Stored items:
※

(* Under direct parameterization $\pi_\theta(a|s)=\theta_{s,a}$, and assuming each $\sigma(P_{s,a},\cdot)$ is differentiable, for all $s\in\mathcal S$, $a\in\mathcal A$, $$\frac{\partial\,\mathbb E_{s_0\sim\rho}V^{\pi_\theta}(s_0)}{\partial\theta_{s,a}}=\frac{1}{1-\gamma}\,d^{\pi_\theta,\hat P^{\pi_\theta}}(s)\,Q^{\pi_\theta}(s,a).$$
   Context: $\mathcal S$ and $\mathcal A$ are finite sets; $\Delta(\mathcal X)$ denotes the probability simplex over a finite set $\mathcal X$. $P=\{P_{s,a}\}$ with $P_{s,a}\in\Delta(\mathcal S)$ is the nominal transition kernel, $r:\mathcal S\times\mathcal A\to[0,1]$, $\gamma\in[0,1)$, $\rho\in\Delta(\mathcal S)$. A stationary policy is a map $\pi:\mathcal S\to\Delta(\mathcal A)$. A function $\sigma:\mathbb R^{\mathcal S}\to\mathbb R$ is a convex risk measure if (i) $V'\le V$ pointwise implies $\sigma(V)\le\sigma(V')$; (ii) $\sigma(V+m)=\sigma(V)-m$ for every constant $m$; (iii) $\sigma$ is convex. For each $(s,a)$ a convex risk measure $\sigma(P_{s,a},\cdot)$ is given, with penalty $D(\hat\mu,P_{s,a}):=\sup_{V}\big(-\sigma(P_{s,a},V)-\mathbb E_{s'\sim\hat\mu}V(s')\big)$. For a policy $\pi$, $V^\pi$ is the unique solution of $V^\pi(s)=\sum_a\pi(a|s)(r(s,a)-\gamma\sigma(P_{s,a},V^\pi))$, $Q^\pi(s,a):=r(s,a)-\gamma\sigma(P_{s,a},V^\pi)$, $\hat P^\pi_{s,a}\in\arg\min_{\hat\mu\in\Delta(\mathcal S)}\big(D(\hat\mu,P_{s,a})+\mathbb E_{s'\sim\hat\mu}V^\pi(s')\big)$. For a policy $\pi$ and stationary kernel $K$, $d^{\pi,K}(s):=(1-\gamma)\sum_{t\ge0}\gamma^t\Pr(s_t=s)$ with $s_0\sim\rho$, $a_t\sim\pi(\cdot|s_t)$, $s_{t+1}\sim K_{s_t,a_t}$. The partial derivative is taken treating $V^{\pi_\theta}$ as a function of the vector $(\theta_{s,a})$ in a neighbourhood of its value. *)

theory Defs
  imports "HOL-Analysis.Analysis"
begin

definition is_dist :: "('x::finite \<Rightarrow> real) \<Rightarrow> bool" where
  "is_dist \<mu> \<longleftrightarrow> (\<forall>x. 0 \<le> \<mu> x) \<and> (\<Sum>x\<in>UNIV. \<mu> x) = 1"

definition convex_risk_measure :: "(real ^ 's \<Rightarrow> real) \<Rightarrow> bool" where
  "convex_risk_measure \<sigma> \<longleftrightarrow>
     (\<forall>V V'. (\<forall>s. V' $ s \<le> V $ s) \<longrightarrow> \<sigma> V \<le> \<sigma> V') \<and>
     (\<forall>V m. \<sigma> (V + (\<chi> s. m)) = \<sigma> V - m) \<and>
     convex_on UNIV \<sigma>"
(* Let $M\ge 2$ and let $\mathcal{P}$ be a Class I source set on $\{1,\dots,M\}$, i.e. a nonempty set of probability distributions on $\{1,\dots,M\}$ whose convex hull contains the uniform distribution $(1/M,\dots,1/M)$. Then for every $D\in(0,1]$, \[ \epsilon^*_{\mathrm{DP}}(\mathcal{P},D)=\begin{cases}\log\left((M-1)\frac{1-D}{D}\right), & 0<D<\frac{M-1}{M},\\[2pt] 0, & \frac{M-1}{M}\le D\le 1.\end{cases} \]
   Context: A mechanism is an $M\times M$ row-stochastic matrix $Q$ with entries $Q(j|i)$ = probability of releasing $j$ when the input is $i$, $i,j\in\{1,\dots,M\}$. Its diagonal distortions are $D_i=1-Q(i|i)$. Distortion is Hamming distortion, so the average distortion under a source distribution $P=(P_1,\dots,P_M)$ is $\sum_{i=1}^M P_iD_i$. A mechanism $Q$ is $(\mathcal{P},D)$-valid if $\sum_{i=1}^M P_iD_i\le D$ for every $P\in\mathcal{P}$; $\mathcal{Q}(\mathcal{P},D)$ denotes the set of all such mechanisms. The differential privacy leakage of $Q$ is $\epsilon_{\mathrm{DP}}(Q)=\min\{\epsilon\ge 0: Q(\hat x|x_1)\le e^{\epsilon}Q(\hat x|x_2)\text{ for all }x_1,x_2,\hat x\in\{1,\dots,M\}\}$ (equal to $+\infty$ if no finite $\epsilon$ works; all-zero columns are allowed). For $0<D\le 1$, $\epsilon^*_{\mathrm{DP}}(\mathcal{P},D)=\min_{Q\in\mathcal{Q}(\mathcal{P},D)}\epsilon_{\mathrm{DP}}(Q)$. Logarithms are natural. *)

theory Defs
  imports "HOL-Analysis.Analysis"
begin

definition prob_dist :: "nat \<Rightarrow> (nat \<Rightarrow> real) \<Rightarrow> bool" where
  "prob_dist M P \<longleftrightarrow> (\<forall>i\<in>{1..M}. P i \<ge> 0) \<and> (\<Sum>i\<in>{1..M}. P i) = 1
     \<and> (\<forall>i. i \<notin> {1..M} \<longrightarrow> P i = 0)"

definition uniform_dist :: "nat \<Rightarrow> nat \<Rightarrow> real" where
  "uniform_dist M = (\<lambda>i. if i \<in> {1..M} then 1 / real M else 0)"

definition in_conv_hull :: "nat \<Rightarrow> (nat \<Rightarrow> real) \<Rightarrow> (nat \<Rightarrow> real) set \<Rightarrow> bool" where
  "in_conv_hull M R \<P> \<longleftrightarrow> (\<exists>S w. finite S \<and> S \<noteq> {} \<and> S \<subseteq> \<P> \<and> (\<forall>P\<in>S. w P \<ge> (0::real))
      \<and> (\<Sum>P\<in>S. w P) = 1 \<and> (\<forall>i. (\<Sum>P\<in>S. w P * P i) = R i))"

definition class_I :: "nat \<Rightarrow> (nat \<Rightarrow> real) set \<Rightarrow> bool" where
  "class_I M \<P> \<longleftrightarrow> \<P> \<noteq> {} \<and> (\<forall>P\<in>\<P>. prob_dist M P) \<and> in_conv_hull M (uniform_dist M) \<P>"

text \<open>Mechanism: Q i j = Q(j|i), probability of releasing j on input i; row-stochastic.\<close>
definition mechanism :: "nat \<Rightarrow> (nat \<Rightarrow> nat \<Rightarrow> real) \<Rightarrow> bool" where
  "mechanism M Q \<longleftrightarrow> (\<forall>i\<in>{1..M}. (\<forall>j\<in>{1..M}. Q i j \<ge> 0) \<and> (\<Sum>j\<in>{1..M}. Q i j) = 1)"

definition distortion :: "(nat \<Rightarrow> nat \<Rightarrow> real) \<Rightarrow> nat \<Rightarrow> real" where
  "distortion Q i = 1 - Q i i"

definition valid_mech :: "nat \<Rightarrow> (nat \<Rightarrow> real) set \<Rightarrow> real \<Rightarrow> (nat \<Rightarrow> nat \<Rightarrow> real) set" where
  "valid_mech M \<P> D = {Q. mechanism M Q \<and>
      (\<forall>P\<in>\<P>. (\<Sum>i\<in>{1..M}. P i * distortion Q i) \<le> D)}"

text \<open>DP leakage, valued in extended reals (infinity if no finite epsilon works).\<close>
definition eps_DP :: "nat \<Rightarrow> (nat \<Rightarrow> nat \<Rightarrow> real) \<Rightarrow> ereal" where
  "eps_DP M Q = Inf {ereal e | e. e \<ge> 0 \<and>
      (\<forall>x1\<in>{1..M}. \<forall>x2\<in>{1..M}. \<forall>xh\<in>{1..M}. Q x1 xh \<le> exp e * Q x2 xh)}"

definition eps_DP_opt :: "nat \<Rightarrow> (nat \<Rightarrow> real) set \<Rightarrow> real \<Rightarrow> ereal" where
  "eps_DP_opt M \<P> D = Inf (eps_DP M ` valid_mech M \<P> D)"

end

theory Submission
  imports Defs
begin

text \<open>Lower bound: averaging the distortion constraint against the convex combination that
  yields the uniform distribution forces the trace of Q to be at least M(1 - D). On the other
  hand, DP with parameter e gives Q(j|i) \<ge> exp(-e) Q(j|j), so each row sum is at least
  Q(i|i) + exp(-e) (trace - Q(i|i)); summing the rows bounds the trace from above, and the two
  bounds together yield (M - 1)(1 - D) \<le> D exp(e).
  Upper bound: randomized response, keeping the input with probability 1 - d and releasing each
  other symbol with probability d/(M - 1), has distortion d at every input and leakage
  ln((M - 1)(1 - d)/d). Take d = D, or d = (M - 1)/M (the constant mechanism) once D exceeds it.\<close>

definition dp_bounded :: "nat \<Rightarrow> (nat \<Rightarrow> nat \<Rightarrow> real) \<Rightarrow> real \<Rightarrow> bool" where
  "dp_bounded M Q e \<longleftrightarrow> (\<forall>x1\<in>{1..M}. \<forall>x2\<in>{1..M}. \<forall>xh\<in>{1..M}. Q x1 xh \<le> exp e * Q x2 xh)"

lemma eps_DP_eq_Inf_dp_bounded:
  "eps_DP M Q = Inf {ereal e | e. e \<ge> 0 \<and> dp_bounded M Q e}"
  by (simp add: eps_DP_def dp_bounded_def)

lemma eps_DP_le:
  assumes "e \<ge> 0" and "dp_bounded M Q e"
  shows "eps_DP M Q \<le> ereal e"
  unfolding eps_DP_eq_Inf_dp_bounded by (rule Inf_lower) (use assms in auto)

lemma eps_DP_ge:
  assumes "\<And>e. e \<ge> 0 \<Longrightarrow> dp_bounded M Q e \<Longrightarrow> c \<le> e"
  shows "ereal c \<le> eps_DP M Q"
  unfolding eps_DP_eq_Inf_dp_bounded by (rule Inf_greatest) (use assms in auto)

lemma dp_bounded_if_entries_between:
  assumes "0 < b" and "\<And>i j. i \<in> {1..M} \<Longrightarrow> j \<in> {1..M} \<Longrightarrow> b \<le> Q i j \<and> Q i j \<le> a"
  shows "dp_bounded M Q (ln (a / b))"
  unfolding dp_bounded_def
proof (intro ballI)
  fix x1 x2 xh assume "x1 \<in> {1..M}" "x2 \<in> {1..M}" "xh \<in> {1..M}"
  then have "Q x1 xh \<le> a" "b \<le> Q x2 xh" "b \<le> a" using assms(2) by (meson order.trans)+
  have "Q x1 xh \<le> a / b * b" using \<open>Q x1 xh \<le> a\<close> \<open>0 < b\<close> by simp
  also have "\<dots> \<le> a / b * Q x2 xh"
    using \<open>b \<le> Q x2 xh\<close> \<open>b \<le> a\<close> \<open>0 < b\<close> by (intro mult_left_mono) auto
  also have "a / b = exp (ln (a / b))" using \<open>b \<le> a\<close> \<open>0 < b\<close> by simp
  finally show "Q x1 xh \<le> exp (ln (a / b)) * Q x2 xh" .
qed


lemma distortion_le_at_conv_hull:
  assumes "Q \<in> valid_mech M \<P> D" and "in_conv_hull M R \<P>"
  shows "(\<Sum>i\<in>{1..M}. R i * distortion Q i) \<le> D"
proof -
  obtain S w where S: "S \<subseteq> \<P>" "\<forall>P\<in>S. w P \<ge> 0" "(\<Sum>P\<in>S. w P) = 1"
      and R: "\<And>i. (\<Sum>P\<in>S. w P * P i) = R i"
    using assms(2) unfolding in_conv_hull_def by blast
  have "(\<Sum>i\<in>{1..M}. R i * distortion Q i)
      = (\<Sum>P\<in>S. w P * (\<Sum>i\<in>{1..M}. P i * distortion Q i))"
    by (simp add: R[symmetric] sum_distrib_left sum_distrib_right mult.assoc sum.swap[of _ S])
  also have "\<dots> \<le> (\<Sum>P\<in>S. w P * D)"
    using assms(1) S(1,2) by (intro sum_mono mult_left_mono) (auto simp: valid_mech_def)
  also have "\<dots> = D" using S(3) by (simp add: sum_distrib_right[symmetric])
  finally show ?thesis .
qed

lemma trace_ge_if_class_I:
  assumes "M \<ge> 1" and "class_I M \<P>" and "Q \<in> valid_mech M \<P> D"
  shows "real M * (1 - D) \<le> (\<Sum>i\<in>{1..M}. Q i i)"
proof -
  have "(\<Sum>i\<in>{1..M}. uniform_dist M i * distortion Q i) \<le> D"
    using assms(2,3) by (intro distortion_le_at_conv_hull) (auto simp: class_I_def)
  also have "(\<Sum>i\<in>{1..M}. uniform_dist M i * distortion Q i)
      = (real M - (\<Sum>i\<in>{1..M}. Q i i)) / real M"
    by (simp add: uniform_dist_def distortion_def sum_divide_distrib[symmetric] sum_subtractf)
  finally show ?thesis using assms(1) by (simp add: divide_le_eq algebra_simps)
qed


lemma dp_bounded_trace_le:
  assumes "mechanism M Q" and "dp_bounded M Q e"
  shows "(\<Sum>i\<in>{1..M}. Q i i) * (1 + exp (- e) * (real M - 1)) \<le> real M"
proof -
  define S where "S = (\<Sum>i\<in>{1..M}. Q i i)"
  define k where "k = exp (- e)"
  have row: "Q i i + k * (S - Q i i) \<le> 1" if i: "i \<in> {1..M}" for i
  proof -
    have "k * (S - Q i i) = (\<Sum>j\<in>{1..M}-{i}. k * Q j j)"
      using i by (simp add: S_def sum_distrib_left[symmetric] sum_diff1)
    also have "\<dots> \<le> (\<Sum>j\<in>{1..M}-{i}. Q i j)"
    proof (rule sum_mono)
      fix j assume "j \<in> {1..M}-{i}"
      then have "Q j j \<le> exp e * Q i j" using assms(2) i by (auto simp: dp_bounded_def)
      then have "k * Q j j \<le> k * (exp e * Q i j)" by (simp add: k_def)
      then show "k * Q j j \<le> Q i j" by (simp add: k_def mult.assoc[symmetric] exp_minus)
    qed
    also have "\<dots> = (\<Sum>j\<in>{1..M}. Q i j) - Q i i" using i by (simp add: sum_diff1)
    also have "\<dots> = 1 - Q i i" using assms(1) i by (simp add: mechanism_def)
    finally show ?thesis by simp
  qed
  have "S + k * (real M * S - S) = (\<Sum>i\<in>{1..M}. Q i i + k * (S - Q i i))"
    by (simp add: sum.distrib sum_distrib_left[symmetric] sum_subtractf S_def)
  also have "\<dots> \<le> (\<Sum>i\<in>{1..M}. 1)" by (rule sum_mono) (use row in auto)
  finally show ?thesis by (simp add: S_def k_def algebra_simps)
qed

lemma dp_bounded_leakage_ge:
  assumes "M \<ge> 1" and "class_I M \<P>" and "Q \<in> valid_mech M \<P> D" and "dp_bounded M Q e"
  shows "(real M - 1) * (1 - D) \<le> D * exp e"
proof -
  define f where "f = 1 + exp (- e) * (real M - 1)"
  have "f > 0" using assms(1) by (simp add: f_def add_pos_nonneg)
  have "real M * (1 - D) * f \<le> (\<Sum>i\<in>{1..M}. Q i i) * f"
    using trace_ge_if_class_I[OF assms(1-3)] \<open>f > 0\<close> by (simp add: mult_right_mono)
  also have "\<dots> \<le> real M * 1"
    using dp_bounded_trace_le assms(3,4) by (simp add: f_def valid_mech_def)
  finally have "(1 - D) * f \<le> 1" using assms(1) by (simp add: mult.assoc)
  then have "(1 - D) * (real M - 1) * exp (- e) \<le> D" by (simp add: f_def algebra_simps)
  then have "(1 - D) * (real M - 1) * exp (- e) * exp e \<le> D * exp e" by simp
  moreover have "(1 - D) * (real M - 1) * exp (- e) * exp e = (real M - 1) * (1 - D)"
    by (simp add: exp_minus field_simps)
  ultimately show ?thesis by simp
qed

definition optimal_dp_leakage :: "nat \<Rightarrow> real \<Rightarrow> real" where
  "optimal_dp_leakage M D =
     (if D < (real M - 1) / real M then ln ((real M - 1) * (1 - D) / D) else 0)"

lemma optimal_dp_leakage_le:
  assumes "M \<ge> 1" and "0 < D" and "e \<ge> 0" and "(real M - 1) * (1 - D) \<le> D * exp e"
  shows "optimal_dp_leakage M D \<le> e"
proof (cases "D < (real M - 1) / real M")
  case True
  then have "D < (real M - 1) * (1 - D)" using assms(1) by (simp add: field_simps)
  then have "0 < (real M - 1) * (1 - D) / D" using assms(2) by simp
  moreover have "(real M - 1) * (1 - D) / D \<le> exp e"
    using assms(2,4) by (simp add: divide_le_eq mult.commute)
  ultimately have "ln ((real M - 1) * (1 - D) / D) \<le> ln (exp e)" by (subst ln_le_cancel_iff) auto
  then show ?thesis using True by (simp add: optimal_dp_leakage_def)
qed (use assms(3) in \<open>simp add: optimal_dp_leakage_def\<close>)

lemma optimal_dp_leakage_le_eps_DP:
  assumes "M \<ge> 1" and "class_I M \<P>" and "Q \<in> valid_mech M \<P> D" and "0 < D"
  shows "ereal (optimal_dp_leakage M D) \<le> eps_DP M Q"
  using assms by (intro eps_DP_ge optimal_dp_leakage_le dp_bounded_leakage_ge)


definition randomized_response :: "nat \<Rightarrow> real \<Rightarrow> nat \<Rightarrow> nat \<Rightarrow> real" where
  "randomized_response M d i j = (if i = j then 1 - d else d / (real M - 1))"

lemma mechanism_randomized_response:
  assumes "M \<ge> 2" and "0 \<le> d" and "d \<le> 1"
  shows "mechanism M (randomized_response M d)"
  unfolding mechanism_def
proof (intro ballI conjI)
  fix i j assume "i \<in> {1..M}" "j \<in> {1..M}"
  show "randomized_response M d i j \<ge> 0" using assms by (simp add: randomized_response_def)
next
  fix i assume i: "i \<in> {1..M}"
  have "(\<Sum>j\<in>{1..M}. randomized_response M d i j)
      = 1 - d + (\<Sum>j\<in>{1..M}-{i}. d / (real M - 1))"
    using i by (simp add: sum.remove randomized_response_def)
  also have "\<dots> = 1" using i assms(1) by (simp add: of_nat_diff)
  finally show "(\<Sum>j\<in>{1..M}. randomized_response M d i j) = 1" .
qed

lemma dp_bounded_randomized_response:
  assumes "M \<ge> 2" and "0 < d" and "d \<le> (real M - 1) / real M"
  shows "dp_bounded M (randomized_response M d) (ln ((real M - 1) * (1 - d) / d))"
proof -
  have "d / (real M - 1) \<le> 1 - d" using assms by (simp add: field_simps)
  then have "dp_bounded M (randomized_response M d) (ln ((1 - d) / (d / (real M - 1))))"
    using assms(1,2) by (intro dp_bounded_if_entries_between) (auto simp: randomized_response_def)
  then show ?thesis by (simp add: field_simps)
qed

lemma valid_mech_if_distortion_le:
  assumes "mechanism M Q" and "\<forall>P\<in>\<P>. prob_dist M P" and "\<And>i. i \<in> {1..M} \<Longrightarrow> distortion Q i \<le> D"
  shows "Q \<in> valid_mech M \<P> D"
  unfolding valid_mech_def
proof (intro CollectI conjI ballI assms(1))
  fix P assume "P \<in> \<P>"
  then have P: "\<forall>i\<in>{1..M}. P i \<ge> 0" "(\<Sum>i\<in>{1..M}. P i) = 1"
    using assms(2) by (auto simp: prob_dist_def)
  have "(\<Sum>i\<in>{1..M}. P i * distortion Q i) \<le> (\<Sum>i\<in>{1..M}. P i * D)"
    using P(1) assms(3) by (intro sum_mono mult_left_mono) auto
  also have "\<dots> = D" using P(2) by (simp add: sum_distrib_right[symmetric])
  finally show "(\<Sum>i\<in>{1..M}. P i * distortion Q i) \<le> D" .
qed

lemma randomized_response_optimal:
  assumes "M \<ge> 2" and "class_I M \<P>" and "0 < D" and "D \<le> 1"
  defines "d \<equiv> min D ((real M - 1) / real M)"
  shows "randomized_response M d \<in> valid_mech M \<P> D"
    and "eps_DP M (randomized_response M d) \<le> ereal (optimal_dp_leakage M D)"
proof -
  have d: "0 < d" "d \<le> D" "d \<le> (real M - 1) / real M" using assms by (auto simp: d_def)
  show "randomized_response M d \<in> valid_mech M \<P> D"
    using assms(1,2,4) d
    by (intro valid_mech_if_distortion_le mechanism_randomized_response)
       (auto simp: class_I_def distortion_def randomized_response_def)
  have "optimal_dp_leakage M D = ln ((real M - 1) * (1 - d) / d)"
    using assms(1,3) by (simp add: optimal_dp_leakage_def d_def min_def field_simps)
  moreover have "0 \<le> optimal_dp_leakage M D"
    using assms(1,3) by (simp add: optimal_dp_leakage_def field_simps)
  ultimately show "eps_DP M (randomized_response M d) \<le> ereal (optimal_dp_leakage M D)"
    using dp_bounded_randomized_response[OF assms(1) d(1,3)] by (simp add: eps_DP_le)
qed

theorem theorem1:
  fixes M :: nat and \<P> :: "(nat \<Rightarrow> real) set" and D :: real
  assumes "M \<ge> 2" and "class_I M \<P>" and "0 < D" and "D \<le> 1"
  shows "eps_DP_opt M \<P> D =
           (if D < (real M - 1) / real M
            then ereal (ln ((real M - 1) * (1 - D) / D)) else 0)
       \<and> (\<exists>Q\<in>valid_mech M \<P> D. eps_DP M Q = eps_DP_opt M \<P> D)"
proof -
  define Q where "Q = randomized_response M (min D ((real M - 1) / real M))"
  have valid: "Q \<in> valid_mech M \<P> D" and upper: "eps_DP M Q \<le> ereal (optimal_dp_leakage M D)"
    using randomized_response_optimal[OF assms] by (simp_all add: Q_def)
  have lower: "ereal (optimal_dp_leakage M D) \<le> eps_DP M Q'" if "Q' \<in> valid_mech M \<P> D" for Q'
    using optimal_dp_leakage_le_eps_DP assms that by simp
  have eps_Q: "eps_DP M Q = ereal (optimal_dp_leakage M D)"
    using upper lower[OF valid] by (rule antisym)
  have "eps_DP_opt M \<P> D = ereal (optimal_dp_leakage M D)"
    unfolding eps_DP_opt_def
    by (rule antisym, metis valid eps_Q INF_lower, rule INF_greatest, rule lower)
  then show ?thesis
    using valid eps_Q by (auto simp: optimal_dp_leakage_def zero_ereal_def)
qed

end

※

I'd like the lines above from the one with "(simp add: mechanism_def)" up to and including the one with "row in auto)" copied exactly, with no other lines.

» REPLY TO THE EXERCISE:
    also have "\<dots> = 1 - Q i i" using assms(1) i by (simp add: mechanism_def)
    finally show ?thesis by simp
  qed
  have "S + k * (real M * S - S) = (\<Sum>i\<in>{1..M}. Q i i + k * (S - Q i i))"
    by (simp add: sum.distrib sum_distrib_left[symmetric] sum_subtractf S_def)
  also have "\<dots> \<le> (\<Sum>i\<in>{1..M}. 1)" by (rule sum_mono) (use row in auto)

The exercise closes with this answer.